Return, from the listing below, each line where the word "auto" appears.

= = = = = = =

(* Let $n\ge1$ and define $\check{\mathbf{H}}_c,\check{\mathbf{H}}_s\in\mathbb{R}^{n\times n}$ by $(\check{\mathbf{H}}_c)_{j,k}=\frac{1}{\sqrt n}\cos\frac{2jk\pi}{n}$, $(\check{\mathbf{H}}_s)_{j,k}=\frac{1}{\sqrt n}\sin\frac{2jk\pi}{n}$ for $j,k=0,\dots,n-1$, $\check{\mathbf{H}}^{\pm}:=\check{\mathbf{H}}_c\pm\check{\mathbf{H}}_s$, and $\check{\mathbf{F}}:=\check{\mathbf{H}}_c+i\check{\mathbf{H}}_s\in\mathbb{C}^{n\times n}$. Let $\mathbf{A}=\operatorname{Circ}(\mathbf{a})\in\mathbb{R}^{n\times n}$ be a symmetric circulant matrix with first column $\mathbf{a}=(a_k)_{k=0}^{n-1}$, $a_{n-i}=a_i$ for $i=1,\dots,n-1$, and let $\boldsymbol{\Lambda}:=\sqrt n\,\operatorname{Diag}(\check{\mathbf{H}}_c\mathbf{a})$. Then $\check{\mathbf{H}}^+\mathbf{A}\check{\mathbf{H}}^-=\check{\mathbf{H}}^-\mathbf{A}\check{\mathbf{H}}^+=\boldsymbol{\Lambda}\check{\mathbf{F}}^2=\check{\mathbf{F}}^2\boldsymbol{\Lambda}$.
   Context: $\operatorname{Circ}(\mathbf{a})$ is the circulant matrix with first column $\mathbf{a}$, i.e. $(\mathbf{A})_{j,k}=a_{(j-k)\bmod n}$. $\operatorname{Diag}(\mathbf{v})$ is the diagonal matrix with diagonal $\mathbf{v}$. *)

theory Defs
  imports Complex_Main "Jordan_Normal_Form.Matrix"
begin

definition Hc :: "nat \<Rightarrow> real mat" where
  "Hc n = mat n n (\<lambda>(j,k). cos (2 * real j * real k * pi / real n) / sqrt (real n))"

definition Hs :: "nat \<Rightarrow> real mat" where
  "Hs n = mat n n (\<lambda>(j,k). sin (2 * real j * real k * pi / real n) / sqrt (real n))"

definition Hplus :: "nat \<Rightarrow> real mat" where
  "Hplus n = Hc n + Hs n"

definition Hminus :: "nat \<Rightarrow> real mat" where
  "Hminus n = Hc n - Hs n"

definition Fmat :: "nat \<Rightarrow> complex mat" where
  "Fmat n = map_mat complex_of_real (Hc n) + \<i> \<cdot>\<^sub>m map_mat complex_of_real (Hs n)"

definition Circ :: "real vec \<Rightarrow> real mat" where
  "Circ a = mat (dim_vec a) (dim_vec a)
     (\<lambda>(j,k). a $ ((j + dim_vec a - k) mod dim_vec a))"

definition Diag :: "'a::zero vec \<Rightarrow> 'a mat" where
  "Diag v = mat (dim_vec v) (dim_vec v) (\<lambda>(j,k). if j = k then v $ j else 0)"

end

theory Submission
  imports Defs
begin

text \<open>
  Write \<open>\<lambda>\<^sub>k = \<Sum>\<^sub>m a\<^sub>m cos (2 m k \<pi> / n)\<close>, so that
  \<open>\<Lambda> = Diag \<lambda>\<close>. The vectors \<open>(cis (2 j k \<pi> / n))\<^sub>j\<close> are eigenvectors of every circulant
  matrix, with eigenvalue \<open>\<Sum>\<^sub>m a\<^sub>m cis (- 2 m k \<pi> / n)\<close>; when \<open>a\<^sub>n\<^sub>-\<^sub>m = a\<^sub>m\<close> this
  eigenvalue is real and equals \<open>\<lambda>\<^sub>k\<close>. Taking real and imaginary parts,
  \<open>A H\<^sub>c = H\<^sub>c \<Lambda>\<close> and \<open>A H\<^sub>s = H\<^sub>s \<Lambda>\<close>, hence \<open>A H\<^sup>\<plusminus> = H\<^sup>\<plusminus> \<Lambda>\<close>.
  Orthogonality of the roots of unity gives \<open>H\<^sup>+ H\<^sup>- = H\<^sup>- H\<^sup>+ = F\<^sup>2 = R\<close>, the permutation matrix
  of \<open>k \<mapsto> -k mod n\<close>, and \<open>R\<close> commutes with \<open>\<Lambda>\<close> because \<open>\<lambda>\<^sub>n\<^sub>-\<^sub>k = \<lambda>\<^sub>k\<close>.
  So all four products equal \<open>R \<Lambda> = \<Lambda> R\<close>.
\<close>

lemma sum_cis_roots_of_unity:
  fixes r :: int
  assumes n: "n > 0"
  shows "(\<Sum>m<n. cis (2 * pi * real m * of_int r / real n)) = (if int n dvd r then of_nat n else 0)"
proof (cases "int n dvd r")
  case True
  then obtain q where q: "r = int n * q" by blast
  have "cis (2 * pi * real m * of_int r / real n) = 1" for m
  proof -
    have "2 * pi * real m * of_int r / real n = 2 * pi * of_int (int m * q)"
      using n by (simp add: q field_simps)
    then show ?thesis by (simp del: of_int_mult)
  qed
  then show ?thesis using True by simp
next
  case False
  define w where "w = cis (2 * pi * of_int r / real n)"
  have "w \<noteq> 1"
  proof
    assume "w = 1"
    then have "cos (2 * pi * of_int r / real n) = 1" by (simp add: w_def complex_eq_iff)
    then obtain k :: int where "2 * pi * of_int r / real n = of_int k * 2 * pi"
      by (auto simp: cos_one_2pi_int)
    then have "of_int r = real n * of_int k" using n by (simp add: field_simps)
    then have "r = int n * k" by (metis of_int_eq_iff of_int_mult of_int_of_nat_eq)
    with False show False by simp
  qed
  have "w ^ n = 1"
    using n cis_multiple_2pi[of "of_int r"] by (simp add: w_def DeMoivre)
  have "(\<Sum>m<n. cis (2 * pi * real m * of_int r / real n)) = (\<Sum>m<n. w ^ m)"
    by (simp add: w_def DeMoivre mult_ac)
  also have "\<dots> = 0"
    using \<open>w \<noteq> 1\<close> \<open>w ^ n = 1\<close> by (simp add: geometric_sum)
  finally show ?thesis using False by simp
qed

lemma sum_cos_roots_of_unity:
  fixes r :: int
  assumes "n > 0"
  shows "(\<Sum>m<n. cos (2 * pi * real m * of_int r / real n)) = (if int n dvd r then real n else 0)"
  using arg_cong[OF sum_cis_roots_of_unity[OF assms, of r], of Re] by simp

lemma sum_sin_roots_of_unity:
  fixes r :: int
  assumes "n > 0"
  shows "(\<Sum>m<n. sin (2 * pi * real m * of_int r / real n)) = 0"
  using arg_cong[OF sum_cis_roots_of_unity[OF assms, of r], of Im] by simp

lemma index_mult_mat_square:
  assumes "A \<in> carrier_mat n n" "B \<in> carrier_mat n n" "j < n" "k < n"
  shows "(A * B) $$ (j, k) = (\<Sum>m<n. A $$ (j, m) * B $$ (m, k))"
  using assms by (simp add: scalar_prod_def lessThan_atLeast0)

lemma Hc_carrier [simp]: "Hc n \<in> carrier_mat n n"
  and Hs_carrier [simp]: "Hs n \<in> carrier_mat n n"
  by (simp_all add: Hc_def Hs_def)

lemma Hplus_carrier [simp]: "Hplus n \<in> carrier_mat n n"
  and Hminus_carrier [simp]: "Hminus n \<in> carrier_mat n n"
  and Fmat_carrier [simp]: "Fmat n \<in> carrier_mat n n"
  by (auto simp: Hplus_def Hminus_def Fmat_def minus_carrier_mat)

lemmas dim_Hc_Hs_Fmat [simp] =
  carrier_matD[OF Hc_carrier] carrier_matD[OF Hs_carrier] carrier_matD[OF Hplus_carrier]
  carrier_matD[OF Hminus_carrier] carrier_matD[OF Fmat_carrier]

lemma Circ_carrier: "dim_vec a = n \<Longrightarrow> Circ a \<in> carrier_mat n n"
  by (simp add: Circ_def)

lemma transpose_Hc: "(Hc n)\<^sup>T = Hc n"
  and transpose_Hs: "(Hs n)\<^sup>T = Hs n"
  by (auto simp: Hc_def Hs_def mult_ac)

definition reflection_mat :: "nat \<Rightarrow> 'a::{zero,one} mat" where
  "reflection_mat n = mat n n (\<lambda>(j, k). if n dvd j + k then 1 else 0)"

lemma reflection_mat_carrier [simp]: "reflection_mat n \<in> carrier_mat n n"
  by (simp add: reflection_mat_def)

lemma dim_reflection_mat [simp]:
  "dim_row (reflection_mat n) = n" "dim_col (reflection_mat n) = n"
  by (simp_all add: reflection_mat_def)

lemma transpose_reflection_mat: "(reflection_mat n)\<^sup>T = reflection_mat n"
  by (auto simp: reflection_mat_def add.commute)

= = = = = = =

TASK OUTPUT:
      by (auto simp: cos_one_2pi_int)
  by (auto simp: Hplus_def Hminus_def Fmat_def minus_carrier_mat)
  by (auto simp: Hc_def Hs_def mult_ac)
  by (auto simp: reflection_mat_def add.commute)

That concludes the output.